The timing isn’t accidental. Google published app-store policy changes around the same moment the redacted term sheet was floated into the court record, and the settlement disclosures make the commercially meaningful bits — money, engine access, and product collaboration — apparent. If platforms formally recognize “metaverse browsers,” that changes how developers build and distribute virtual-world clients on Android and possibly PC and web.
There’s real upside for players and creators: a standard for moving items and identities between spaces could finally make cross-world inventories less of a dream. There’s also an upside for Google and Epic: defining the category gives them the agenda-setting power to shape enforcement, tooling, and who benefits from any marketplace fees or technical integrations.

Epic sued Google claiming anticompetitive behavior. Now its post-litigation business includes an $800 million payment to Google that funds joint development and marketing. Judge James Donato has already asked whether that deal softened Epic’s antitrust posture. The public face — talk of an “open metaverse” — looks neat on paper. The redactions look like a deliberate firewall between the concept and the enforceable rules that will shape who actually controls cross-world markets.
Put bluntly: the visible definition tells you what Google and Epic want the metaverse to be. The redacted parts will tell you who gets the keys to it.

Two additional industry currents make this more than a private deal. First, geopolitical scrutiny of gaming ownership — most visibly discussions in Washington about Tencent’s stakes in Western studios — has made governments more sensitive about cross-border platforms and the data they hold. Second, creators and streamers keep bumping up against platform control in everyday ways: recent streamer drama around ad control illustrates a larger tension about who gets to set the rules for user experiences. Both threads push toward clearer platform rules — which is exactly why a company would want to define “metaverse browsers” before regulators or competitors do it for them.
If you really intend to support an “open metaverse,” why are interoperability enforcement details and commercial terms redacted? And which side controls the keys to item portability — a neutral standard body, the companies’ platforms, or a marketplace tied to the deal?
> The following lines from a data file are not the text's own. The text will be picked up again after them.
(* Let $A$ be a finite alphabet with $|A|=k$, and let $L\subseteq A^*$ be finite and nonempty. Let $\ell$ be the length of the longest word in $L$. Then $1+k(\ell^{1/k}-2)<h(L)\leq \ell+1$.
   Context: For $n\in\mathbb{N}$, $u\sim_n v$ iff $u$ and $v$ have exactly the same (scattered) subwords of length at most $n$. A language $L$ is $n$-PT if it is a union of $\sim_n$-classes, and $h(L)$ is the least $n$ such that $L$ is $n$-PT. *)

theory Defs
  imports Complex_Main "HOL-Library.Sublist"
begin

definition subwords_upto :: "nat \<Rightarrow> 'a list \<Rightarrow> 'a list set" where
  "subwords_upto n u = {w. subseq w u \<and> length w \<le> n}"

definition simeq_n :: "nat \<Rightarrow> 'a list \<Rightarrow> 'a list \<Rightarrow> bool" where
  "simeq_n n u v \<longleftrightarrow> subwords_upto n u = subwords_upto n v"

definition n_PT :: "'a set \<Rightarrow> nat \<Rightarrow> 'a list set \<Rightarrow> bool" where
  "n_PT A n L \<longleftrightarrow> (\<forall>u \<in> lists A. \<forall>v \<in> lists A. simeq_n n u v \<longrightarrow> (u \<in> L \<longleftrightarrow> v \<in> L))"

definition h :: "'a set \<Rightarrow> 'a list set \<Rightarrow> nat" where
  "h A L = (LEAST n. n_PT A n L)"

end

theory Submission
  imports Defs
begin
We’ll be watching the court docket and Google’s policy pages. The first will show the contractual gravity; the second will show whether these definitions get baked into the rules developers must follow.
A redacted term sheet in the Epic-Google settlement names “metaverse browsers” and sketches interoperability and security expectations — but crucial legal and commercial language is hidden. The deal ties Epic technology and marketing to Google via a multi‑year, multimillion‑dollar arrangement, turning a former courtroom fight into a strategic partnership. Watch the judge’s unredaction decisions, Google Play policy updates, and Unreal Engine tooling to see whether this is a genuine step toward true portability or a way to define the metaverse on platform-friendly terms.